Running Dagster+ agents on Kubernetes
This page provides instructions for running the Dagster+ agent on a Kubernetes cluster.
Installation
Prerequisites
You'll need a Kubernetes cluster. This can be a self-hosted Kubernetes cluster or a managed offering like Amazon EKS, Azure AKS, or Google GKE.
You'll also need access to a container registry to which you can push images and from which pods in the Kubernetes cluster can pull images.
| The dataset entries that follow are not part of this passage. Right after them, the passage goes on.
(* For a prior draw f put g = gamma - int gamma f0 and Z = int f exp(-t g/sqrt n). Then
   f_t = f exp(-t g/sqrt n)/Z and l_n(f_t) = l_n(f) - t W_n(gamma) - n log Z, so the theorem follows
   by integrating against the prior once  t sqrt n <f - f0, gamma> + n log Z <= C t^2  holds for every
   f in its support. Since <f - f0, gamma> = int f g, the bounds log Z <= Z - 1 and
   exp x <= 1 + x + x^2 (x <= 1) make the left side at most t^2 int f g^2; they apply because
   |t| |g|_oo <= sqrt n by |t| <= log n and n a_n^2 >= 1. Finally f <= 2 f0 + 2 (sqrt f - sqrt f0)^2 gives
   int f g^2 <= 2 |g|_L^2 + 2 |g|_oo^2 h(f,f0)^2 <= 2 m^2 + 1, so C = 2 m^2 + 1 works. *)

lemma exp_le_one_plus_sq:
  fixes x :: real
  assumes "x \<le> 1"
  shows "exp x \<le> 1 + x + x\<^sup>2"
proof (cases "x \<ge> 0")
  case True
  then show ?thesis using exp_bound assms by blast
next
  case False
  have "1 \<le> (1 + x + x\<^sup>2) * (1 - x)"
    using False by (simp add: algebra_simps power2_eq_square power3_eq_cube mult_nonneg_nonpos2)
  also have "\<dots> \<le> (1 + x + x\<^sup>2) * exp (- x)"
  proof (rule mult_left_mono)
    show "1 - x \<le> exp (- x)" using exp_ge_add_one_self[of "- x"] by simp
    have "0 \<le> (x + 1/2)\<^sup>2" by simp
    then show "0 \<le> 1 + x + x\<^sup>2" by (simp add: power2_eq_square algebra_simps)
  qed
  finally have "1 \<le> (1 + x + x\<^sup>2) * exp (- x)" .
  then show ?thesis by (simp add: exp_minus field_simps)
qed

lemma power2_add_le_twice:
  fixes a b :: real
  shows "(a + b)\<^sup>2 \<le> 2 * a\<^sup>2 + 2 * b\<^sup>2"
proof -
  have "2 * a\<^sup>2 + 2 * b\<^sup>2 - (a + b)\<^sup>2 = (a - b)\<^sup>2" by (simp add: power2_eq_square algebra_simps)
  then show ?thesis using zero_le_power2[of "a - b"] by linarith
qed

lemma integrable_mult_AE_bounded:
  fixes f h :: "'a \<Rightarrow> real"
  assumes "integrable M f" "h \<in> borel_measurable M" "AE x in M. \<bar>h x\<bar> \<le> K"
  shows "integrable M (\<lambda>x. f x * h x)"
proof (rule Bochner_Integration.integrable_bound[where f="\<lambda>x. K * f x"])
  show "integrable M (\<lambda>x. K * f x)" using assms(1) by simp
  show "(\<lambda>x. f x * h x) \<in> borel_measurable M"
    using assms by (auto dest: borel_measurable_integrable)
  show "AE x in M. norm (f x * h x) \<le> norm (K * f x)"
    using assms(3)
  proof eventually_elim
    case (elim x)
    then have "K \<ge> 0" by linarith
    with elim show ?case by (simp add: abs_mult) (metis abs_ge_zero mult.commute mult_right_mono)
  qed
qed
This can be a self-hosted registry or a managed offering like Amazon ECR, Azure ACR, or Google GCR.
We recommend installing the Dagster+ agent using Helm.
Step 1: create a Kubernetes namespace
kubectl create namespace dagster-cloud
Step 2: Create an agent token secret
Generate an agent token and set it as a Kubernetes secret:
kubectl --namespace dagster-cloud create secret generic dagster-cloud-agent-token --from-literal=DAGSTER_CLOUD_AGENT_TOKEN=<token>
Step 3: Add the Dagster+ agent Helm chart repository
helm repo add dagster-cloud https://dagster-io.github.io/helm-user-cloud
helm repo update
Step 4: Install the Dagster+ agent Helm chart
helm --namespace dagster-cloud install agent --install dagster-cloud/dagster-cloud-agent
Upgrading
You can use Helm to do rolling upgrades of your Dagster+ agent
# values.yaml
dagsterCloudAgent:
image:
tag: latest
helm --namespace dagster-cloud upgrade agent \
dagster-cloud/dagster-cloud-agent \
--values ./values.yaml
Common configurations
You can customize your Dagster+ agent using Helm values. Some common configuration include
Configuring your agents to serve branch deployments
Branch deployments are lightweight staging environments created for each code change. To configure your Dagster+ agent to manage them:
# values.yaml
dagsterCloud:
branchDeployment: true
helm --namespace dagster-cloud upgrade agent \
dagster-cloud/dagster-cloud-agent \
--values ./values.yaml
High availability configurations
You can configure your Dagster+ agent to run with multiple replicas. Work will be load balanced across all replicas.
# values.yaml
dagsterCloudAgent:
replicas: 2
helm --namespace dagster-cloud upgrade agent \
dagster-cloud/dagster-cloud-agent \
--values ./values.yaml
Work load balanced across agents isn't not sticky; there's no guarantee the agent that launched a run will be the same one to receive instructions to terminate it. This is fine if both replicas run on the same Kubernetes cluster because either agent can terminate the run. But if your agents are physically isolated (for example, they run on two different Kubernetes clusters), you should configure:
# values.yaml
isolatedAgents: true
helm --namespace dagster-cloud upgrade agent \
dagster-cloud/dagster-cloud-agent \
--values ./values.yaml
Troubleshooting tips
You can see basic health information about your agent in the Dagster+ UI:
View logs
kubectl --namespace dagster-cloud logs -l deployment=agent